[ENTRIES SUPPLIED]
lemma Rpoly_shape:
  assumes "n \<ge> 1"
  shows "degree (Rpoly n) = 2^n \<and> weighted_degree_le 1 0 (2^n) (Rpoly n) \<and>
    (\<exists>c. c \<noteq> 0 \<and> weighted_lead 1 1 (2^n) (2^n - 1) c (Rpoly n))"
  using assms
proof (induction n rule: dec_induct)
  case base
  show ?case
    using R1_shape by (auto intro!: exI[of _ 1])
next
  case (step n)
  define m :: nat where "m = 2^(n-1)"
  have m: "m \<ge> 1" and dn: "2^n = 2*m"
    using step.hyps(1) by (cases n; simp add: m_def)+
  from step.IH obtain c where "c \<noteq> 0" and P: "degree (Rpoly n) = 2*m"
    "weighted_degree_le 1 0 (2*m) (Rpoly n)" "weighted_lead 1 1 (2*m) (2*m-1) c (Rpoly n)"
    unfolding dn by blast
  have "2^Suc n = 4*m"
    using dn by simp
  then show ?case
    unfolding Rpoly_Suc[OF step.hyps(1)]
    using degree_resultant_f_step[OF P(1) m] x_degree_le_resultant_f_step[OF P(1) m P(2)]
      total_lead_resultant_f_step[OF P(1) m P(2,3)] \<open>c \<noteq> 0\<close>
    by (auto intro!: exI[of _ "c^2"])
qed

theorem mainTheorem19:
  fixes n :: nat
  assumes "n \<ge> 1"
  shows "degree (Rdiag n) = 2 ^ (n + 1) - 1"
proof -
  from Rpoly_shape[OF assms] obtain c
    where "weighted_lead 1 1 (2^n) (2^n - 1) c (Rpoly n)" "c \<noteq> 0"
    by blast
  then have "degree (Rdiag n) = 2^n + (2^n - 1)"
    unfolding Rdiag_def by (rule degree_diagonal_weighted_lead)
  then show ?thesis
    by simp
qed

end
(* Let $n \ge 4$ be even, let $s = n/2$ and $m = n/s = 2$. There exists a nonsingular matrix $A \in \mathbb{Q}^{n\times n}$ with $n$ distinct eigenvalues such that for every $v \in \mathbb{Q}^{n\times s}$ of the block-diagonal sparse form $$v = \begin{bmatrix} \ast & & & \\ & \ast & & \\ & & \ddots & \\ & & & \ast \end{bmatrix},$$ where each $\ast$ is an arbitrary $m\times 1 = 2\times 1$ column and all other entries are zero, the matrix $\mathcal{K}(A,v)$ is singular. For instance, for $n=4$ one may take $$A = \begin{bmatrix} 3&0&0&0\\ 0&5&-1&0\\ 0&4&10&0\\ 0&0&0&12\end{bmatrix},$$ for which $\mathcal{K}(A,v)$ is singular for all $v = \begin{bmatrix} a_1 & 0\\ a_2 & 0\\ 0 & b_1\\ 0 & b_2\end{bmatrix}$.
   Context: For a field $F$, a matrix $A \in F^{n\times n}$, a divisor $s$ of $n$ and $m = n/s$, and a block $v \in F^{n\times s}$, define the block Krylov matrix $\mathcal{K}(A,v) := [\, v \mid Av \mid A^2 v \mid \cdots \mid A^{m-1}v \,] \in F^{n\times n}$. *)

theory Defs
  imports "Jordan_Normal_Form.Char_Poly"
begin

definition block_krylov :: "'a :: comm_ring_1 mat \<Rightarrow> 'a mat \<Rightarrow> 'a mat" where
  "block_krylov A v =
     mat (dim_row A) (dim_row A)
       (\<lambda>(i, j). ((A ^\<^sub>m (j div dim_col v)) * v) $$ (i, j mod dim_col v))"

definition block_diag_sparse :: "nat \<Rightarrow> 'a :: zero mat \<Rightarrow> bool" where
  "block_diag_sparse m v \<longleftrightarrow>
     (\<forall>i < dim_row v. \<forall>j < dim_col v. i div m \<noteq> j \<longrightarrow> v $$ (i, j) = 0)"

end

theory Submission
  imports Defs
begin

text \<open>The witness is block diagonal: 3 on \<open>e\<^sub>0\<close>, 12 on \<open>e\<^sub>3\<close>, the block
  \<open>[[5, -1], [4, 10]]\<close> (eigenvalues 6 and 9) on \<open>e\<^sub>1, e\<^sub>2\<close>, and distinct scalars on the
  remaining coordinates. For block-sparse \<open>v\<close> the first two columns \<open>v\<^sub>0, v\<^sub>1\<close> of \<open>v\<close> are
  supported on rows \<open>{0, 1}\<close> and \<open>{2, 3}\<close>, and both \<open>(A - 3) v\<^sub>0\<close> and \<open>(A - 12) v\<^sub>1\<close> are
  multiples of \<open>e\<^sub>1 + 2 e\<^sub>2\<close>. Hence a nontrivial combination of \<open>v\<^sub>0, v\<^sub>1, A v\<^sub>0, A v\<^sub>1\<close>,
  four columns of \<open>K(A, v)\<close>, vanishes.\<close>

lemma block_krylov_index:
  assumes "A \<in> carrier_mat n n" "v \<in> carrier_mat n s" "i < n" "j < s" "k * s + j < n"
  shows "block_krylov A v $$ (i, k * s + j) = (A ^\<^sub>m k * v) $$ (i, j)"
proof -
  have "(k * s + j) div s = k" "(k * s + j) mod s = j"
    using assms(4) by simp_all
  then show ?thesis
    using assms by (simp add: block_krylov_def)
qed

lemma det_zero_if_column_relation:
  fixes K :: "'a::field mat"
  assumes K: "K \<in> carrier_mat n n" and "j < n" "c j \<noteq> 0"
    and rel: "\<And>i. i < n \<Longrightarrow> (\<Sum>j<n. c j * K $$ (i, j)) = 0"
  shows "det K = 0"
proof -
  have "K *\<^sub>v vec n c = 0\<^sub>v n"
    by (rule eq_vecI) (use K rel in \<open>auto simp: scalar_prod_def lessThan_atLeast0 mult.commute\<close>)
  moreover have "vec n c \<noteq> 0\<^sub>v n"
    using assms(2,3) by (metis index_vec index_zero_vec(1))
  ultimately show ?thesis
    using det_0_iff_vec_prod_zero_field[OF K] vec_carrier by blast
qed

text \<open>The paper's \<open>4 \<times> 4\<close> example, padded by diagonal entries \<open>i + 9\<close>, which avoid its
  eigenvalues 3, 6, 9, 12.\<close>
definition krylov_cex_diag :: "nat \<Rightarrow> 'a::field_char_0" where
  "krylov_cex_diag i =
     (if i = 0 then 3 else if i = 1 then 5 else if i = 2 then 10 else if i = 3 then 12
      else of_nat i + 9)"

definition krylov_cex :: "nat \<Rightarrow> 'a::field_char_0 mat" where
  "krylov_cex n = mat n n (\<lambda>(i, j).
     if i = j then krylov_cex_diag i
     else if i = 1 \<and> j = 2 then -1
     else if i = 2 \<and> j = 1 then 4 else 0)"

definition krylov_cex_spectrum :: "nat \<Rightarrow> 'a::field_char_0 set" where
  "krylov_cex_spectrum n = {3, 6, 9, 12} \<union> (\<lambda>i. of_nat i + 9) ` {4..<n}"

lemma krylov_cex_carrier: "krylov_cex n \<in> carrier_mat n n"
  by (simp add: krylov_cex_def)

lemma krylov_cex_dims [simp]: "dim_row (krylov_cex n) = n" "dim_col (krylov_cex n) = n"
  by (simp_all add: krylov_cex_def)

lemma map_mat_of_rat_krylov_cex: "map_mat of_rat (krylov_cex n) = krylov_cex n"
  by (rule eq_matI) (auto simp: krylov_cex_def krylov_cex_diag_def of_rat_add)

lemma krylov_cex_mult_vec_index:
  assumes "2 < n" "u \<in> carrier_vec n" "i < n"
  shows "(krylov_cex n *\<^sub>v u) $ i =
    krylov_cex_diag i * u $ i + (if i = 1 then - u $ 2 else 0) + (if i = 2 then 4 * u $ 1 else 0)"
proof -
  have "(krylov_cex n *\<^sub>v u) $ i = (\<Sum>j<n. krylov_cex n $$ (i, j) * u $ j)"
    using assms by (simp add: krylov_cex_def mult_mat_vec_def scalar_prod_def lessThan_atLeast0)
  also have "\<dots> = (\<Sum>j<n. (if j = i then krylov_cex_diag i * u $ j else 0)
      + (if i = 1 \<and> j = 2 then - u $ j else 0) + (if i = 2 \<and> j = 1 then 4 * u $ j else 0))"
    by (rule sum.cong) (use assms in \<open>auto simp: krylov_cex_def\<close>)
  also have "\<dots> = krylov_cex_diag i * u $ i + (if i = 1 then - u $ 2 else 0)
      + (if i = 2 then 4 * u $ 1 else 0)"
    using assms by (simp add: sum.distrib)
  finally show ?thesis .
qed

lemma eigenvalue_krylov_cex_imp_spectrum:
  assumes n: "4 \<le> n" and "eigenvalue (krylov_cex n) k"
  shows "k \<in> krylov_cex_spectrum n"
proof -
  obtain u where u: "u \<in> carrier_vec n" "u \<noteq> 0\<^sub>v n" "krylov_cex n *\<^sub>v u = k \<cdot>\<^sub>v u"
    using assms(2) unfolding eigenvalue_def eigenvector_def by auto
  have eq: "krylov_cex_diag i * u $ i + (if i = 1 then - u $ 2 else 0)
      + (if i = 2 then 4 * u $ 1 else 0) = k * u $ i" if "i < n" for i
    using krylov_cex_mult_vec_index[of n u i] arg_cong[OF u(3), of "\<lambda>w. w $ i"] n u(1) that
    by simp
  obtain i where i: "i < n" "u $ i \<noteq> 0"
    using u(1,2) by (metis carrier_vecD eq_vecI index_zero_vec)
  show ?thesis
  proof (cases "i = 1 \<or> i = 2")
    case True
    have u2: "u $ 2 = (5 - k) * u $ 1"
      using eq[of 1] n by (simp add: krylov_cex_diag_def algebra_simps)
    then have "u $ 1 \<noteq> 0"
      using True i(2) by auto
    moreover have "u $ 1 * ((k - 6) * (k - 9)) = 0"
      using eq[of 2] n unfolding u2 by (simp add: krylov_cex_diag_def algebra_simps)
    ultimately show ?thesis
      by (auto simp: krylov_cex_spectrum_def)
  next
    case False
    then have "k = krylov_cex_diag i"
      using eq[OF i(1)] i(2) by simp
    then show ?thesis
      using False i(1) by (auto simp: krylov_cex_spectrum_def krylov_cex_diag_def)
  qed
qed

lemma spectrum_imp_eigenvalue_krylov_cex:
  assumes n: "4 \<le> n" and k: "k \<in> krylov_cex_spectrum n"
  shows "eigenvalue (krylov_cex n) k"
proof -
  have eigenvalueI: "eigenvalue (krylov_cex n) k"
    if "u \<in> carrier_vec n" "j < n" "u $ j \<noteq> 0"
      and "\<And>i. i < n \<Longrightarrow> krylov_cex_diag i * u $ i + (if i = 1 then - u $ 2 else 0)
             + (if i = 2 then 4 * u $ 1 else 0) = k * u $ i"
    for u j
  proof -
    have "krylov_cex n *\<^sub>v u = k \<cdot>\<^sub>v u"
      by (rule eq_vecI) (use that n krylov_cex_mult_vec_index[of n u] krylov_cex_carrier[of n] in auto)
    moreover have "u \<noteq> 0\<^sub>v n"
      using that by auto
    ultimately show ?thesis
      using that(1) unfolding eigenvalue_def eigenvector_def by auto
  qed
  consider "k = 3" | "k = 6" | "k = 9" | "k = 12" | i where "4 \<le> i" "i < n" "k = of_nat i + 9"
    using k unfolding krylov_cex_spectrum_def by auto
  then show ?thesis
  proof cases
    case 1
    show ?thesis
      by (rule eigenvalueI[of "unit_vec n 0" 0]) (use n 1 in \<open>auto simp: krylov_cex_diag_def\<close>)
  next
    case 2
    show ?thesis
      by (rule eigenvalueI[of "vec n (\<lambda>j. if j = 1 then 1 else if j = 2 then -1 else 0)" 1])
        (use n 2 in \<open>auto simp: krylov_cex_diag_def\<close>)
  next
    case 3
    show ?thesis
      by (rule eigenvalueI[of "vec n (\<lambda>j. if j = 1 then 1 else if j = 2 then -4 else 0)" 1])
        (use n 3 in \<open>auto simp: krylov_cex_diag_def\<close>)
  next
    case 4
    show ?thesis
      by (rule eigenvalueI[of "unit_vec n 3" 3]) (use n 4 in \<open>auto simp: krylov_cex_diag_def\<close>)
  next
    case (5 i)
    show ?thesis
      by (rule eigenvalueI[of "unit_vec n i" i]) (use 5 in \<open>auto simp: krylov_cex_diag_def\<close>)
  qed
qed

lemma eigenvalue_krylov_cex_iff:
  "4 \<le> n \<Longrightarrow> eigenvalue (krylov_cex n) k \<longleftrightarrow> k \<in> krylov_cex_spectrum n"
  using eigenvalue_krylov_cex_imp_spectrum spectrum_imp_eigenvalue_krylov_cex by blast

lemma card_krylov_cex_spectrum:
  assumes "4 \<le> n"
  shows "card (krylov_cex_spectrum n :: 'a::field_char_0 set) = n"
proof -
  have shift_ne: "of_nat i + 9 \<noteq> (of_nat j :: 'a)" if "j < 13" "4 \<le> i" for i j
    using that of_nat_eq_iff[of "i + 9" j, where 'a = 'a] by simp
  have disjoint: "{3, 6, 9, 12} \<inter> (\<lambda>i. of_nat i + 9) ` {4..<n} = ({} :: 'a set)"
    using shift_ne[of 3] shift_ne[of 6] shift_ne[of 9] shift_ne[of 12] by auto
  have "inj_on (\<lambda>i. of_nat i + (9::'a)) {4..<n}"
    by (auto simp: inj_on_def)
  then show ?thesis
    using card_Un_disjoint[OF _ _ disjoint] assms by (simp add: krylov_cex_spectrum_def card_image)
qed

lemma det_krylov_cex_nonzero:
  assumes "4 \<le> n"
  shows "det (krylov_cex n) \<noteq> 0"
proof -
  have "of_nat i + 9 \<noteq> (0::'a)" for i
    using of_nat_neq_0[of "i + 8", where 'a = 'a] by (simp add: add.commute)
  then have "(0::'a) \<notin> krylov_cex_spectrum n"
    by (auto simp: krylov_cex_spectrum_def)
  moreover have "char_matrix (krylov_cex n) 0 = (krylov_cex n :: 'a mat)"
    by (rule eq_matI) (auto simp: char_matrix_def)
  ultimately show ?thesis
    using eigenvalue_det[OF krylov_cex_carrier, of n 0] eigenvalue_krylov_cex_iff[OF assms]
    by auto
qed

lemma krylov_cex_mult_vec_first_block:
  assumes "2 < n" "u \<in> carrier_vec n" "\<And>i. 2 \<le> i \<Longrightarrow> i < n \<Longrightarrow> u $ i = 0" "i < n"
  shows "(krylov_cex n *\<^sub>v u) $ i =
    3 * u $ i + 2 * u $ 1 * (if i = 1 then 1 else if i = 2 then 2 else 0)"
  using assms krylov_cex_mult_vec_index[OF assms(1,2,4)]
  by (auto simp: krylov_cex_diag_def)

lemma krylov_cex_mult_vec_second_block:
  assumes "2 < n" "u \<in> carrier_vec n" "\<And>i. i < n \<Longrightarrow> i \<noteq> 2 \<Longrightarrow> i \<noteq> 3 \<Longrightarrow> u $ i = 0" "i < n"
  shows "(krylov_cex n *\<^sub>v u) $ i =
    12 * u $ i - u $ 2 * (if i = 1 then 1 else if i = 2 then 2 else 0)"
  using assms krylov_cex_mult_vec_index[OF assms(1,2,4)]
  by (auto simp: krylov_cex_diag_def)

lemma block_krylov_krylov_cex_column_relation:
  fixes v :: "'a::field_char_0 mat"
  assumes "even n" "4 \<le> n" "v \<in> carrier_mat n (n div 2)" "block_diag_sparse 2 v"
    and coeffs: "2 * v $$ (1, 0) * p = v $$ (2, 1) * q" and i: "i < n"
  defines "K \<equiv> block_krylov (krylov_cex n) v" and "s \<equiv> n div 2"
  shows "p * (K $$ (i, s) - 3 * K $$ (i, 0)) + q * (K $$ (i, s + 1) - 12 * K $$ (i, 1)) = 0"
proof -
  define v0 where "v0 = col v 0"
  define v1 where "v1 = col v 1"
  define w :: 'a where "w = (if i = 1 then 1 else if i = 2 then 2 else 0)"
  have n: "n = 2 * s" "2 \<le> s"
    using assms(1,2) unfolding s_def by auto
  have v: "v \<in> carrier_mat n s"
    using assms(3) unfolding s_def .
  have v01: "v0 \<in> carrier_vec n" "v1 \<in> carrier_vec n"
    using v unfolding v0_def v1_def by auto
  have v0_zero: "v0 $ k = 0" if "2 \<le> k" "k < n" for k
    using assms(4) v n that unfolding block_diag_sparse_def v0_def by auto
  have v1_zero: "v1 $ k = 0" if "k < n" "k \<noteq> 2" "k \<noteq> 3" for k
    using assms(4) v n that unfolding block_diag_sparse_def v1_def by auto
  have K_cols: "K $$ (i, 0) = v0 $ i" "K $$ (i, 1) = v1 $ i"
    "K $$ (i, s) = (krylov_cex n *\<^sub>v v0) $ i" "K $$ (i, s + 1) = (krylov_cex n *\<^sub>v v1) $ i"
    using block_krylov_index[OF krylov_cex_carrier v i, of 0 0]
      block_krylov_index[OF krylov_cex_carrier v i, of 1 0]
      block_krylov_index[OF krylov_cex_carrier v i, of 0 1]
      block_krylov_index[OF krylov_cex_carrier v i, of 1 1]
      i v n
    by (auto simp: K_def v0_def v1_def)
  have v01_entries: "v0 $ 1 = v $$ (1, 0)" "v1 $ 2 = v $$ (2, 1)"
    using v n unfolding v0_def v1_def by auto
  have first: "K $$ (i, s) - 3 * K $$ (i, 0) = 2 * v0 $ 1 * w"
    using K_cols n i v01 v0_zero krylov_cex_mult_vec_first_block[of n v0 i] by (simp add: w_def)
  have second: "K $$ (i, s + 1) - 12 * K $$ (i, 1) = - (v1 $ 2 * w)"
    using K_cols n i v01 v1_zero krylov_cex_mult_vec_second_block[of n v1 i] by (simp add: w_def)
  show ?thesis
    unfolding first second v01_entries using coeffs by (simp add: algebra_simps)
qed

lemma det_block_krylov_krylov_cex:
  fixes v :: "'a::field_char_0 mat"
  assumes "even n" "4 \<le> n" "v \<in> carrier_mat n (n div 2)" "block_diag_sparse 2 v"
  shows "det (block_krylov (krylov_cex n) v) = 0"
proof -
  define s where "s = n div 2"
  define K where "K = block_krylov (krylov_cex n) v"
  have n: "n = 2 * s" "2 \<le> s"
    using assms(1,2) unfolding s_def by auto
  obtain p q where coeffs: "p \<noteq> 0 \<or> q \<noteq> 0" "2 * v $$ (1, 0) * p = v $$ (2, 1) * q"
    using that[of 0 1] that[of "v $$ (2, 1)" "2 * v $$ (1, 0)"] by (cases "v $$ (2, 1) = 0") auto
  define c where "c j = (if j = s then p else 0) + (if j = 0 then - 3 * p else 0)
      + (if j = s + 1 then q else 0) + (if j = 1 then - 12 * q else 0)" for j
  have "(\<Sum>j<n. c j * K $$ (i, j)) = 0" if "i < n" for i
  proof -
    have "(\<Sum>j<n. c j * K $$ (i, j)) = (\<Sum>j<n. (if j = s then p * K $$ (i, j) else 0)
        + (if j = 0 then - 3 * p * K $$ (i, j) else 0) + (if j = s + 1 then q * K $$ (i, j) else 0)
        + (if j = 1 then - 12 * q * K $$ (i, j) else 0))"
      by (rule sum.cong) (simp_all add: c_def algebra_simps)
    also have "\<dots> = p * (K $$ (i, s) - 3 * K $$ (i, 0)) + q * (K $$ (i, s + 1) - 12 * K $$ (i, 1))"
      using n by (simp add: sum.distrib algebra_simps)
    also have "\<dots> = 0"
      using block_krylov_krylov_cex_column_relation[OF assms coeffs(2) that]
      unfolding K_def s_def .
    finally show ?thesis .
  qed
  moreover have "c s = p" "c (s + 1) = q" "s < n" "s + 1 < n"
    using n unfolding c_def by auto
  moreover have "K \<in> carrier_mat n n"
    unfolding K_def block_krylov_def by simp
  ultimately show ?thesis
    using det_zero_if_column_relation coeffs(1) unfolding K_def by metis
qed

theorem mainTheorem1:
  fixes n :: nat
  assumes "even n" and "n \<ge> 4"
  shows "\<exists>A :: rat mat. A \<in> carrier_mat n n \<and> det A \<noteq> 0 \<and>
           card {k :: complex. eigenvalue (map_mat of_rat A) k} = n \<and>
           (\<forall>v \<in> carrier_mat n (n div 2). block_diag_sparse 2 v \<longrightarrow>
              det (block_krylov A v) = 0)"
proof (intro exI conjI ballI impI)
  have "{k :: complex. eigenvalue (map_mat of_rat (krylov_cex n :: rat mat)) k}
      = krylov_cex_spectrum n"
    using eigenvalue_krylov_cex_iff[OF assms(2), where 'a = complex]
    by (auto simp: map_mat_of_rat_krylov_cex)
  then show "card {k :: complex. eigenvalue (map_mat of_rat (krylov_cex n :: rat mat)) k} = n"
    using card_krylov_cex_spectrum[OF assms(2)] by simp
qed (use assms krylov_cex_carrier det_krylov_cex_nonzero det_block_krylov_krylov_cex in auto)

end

[ASSIGNMENT] Show all lines above holding the word "coeffs".

[TASK RESULT]
    and coeffs: "2 * v $$ (1, 0) * p = v $$ (2, 1) * q" and i: "i < n"
    unfolding first second v01_entries using coeffs by (simp add: algebra_simps)
  obtain p q where coeffs: "p \<noteq> 0 \<or> q \<noteq> 0" "2 * v $$ (1, 0) * p = v $$ (2, 1) * q"
      using block_krylov_krylov_cex_column_relation[OF assms coeffs(2) that]
    using det_zero_if_column_relation coeffs(1) unfolding K_def by metis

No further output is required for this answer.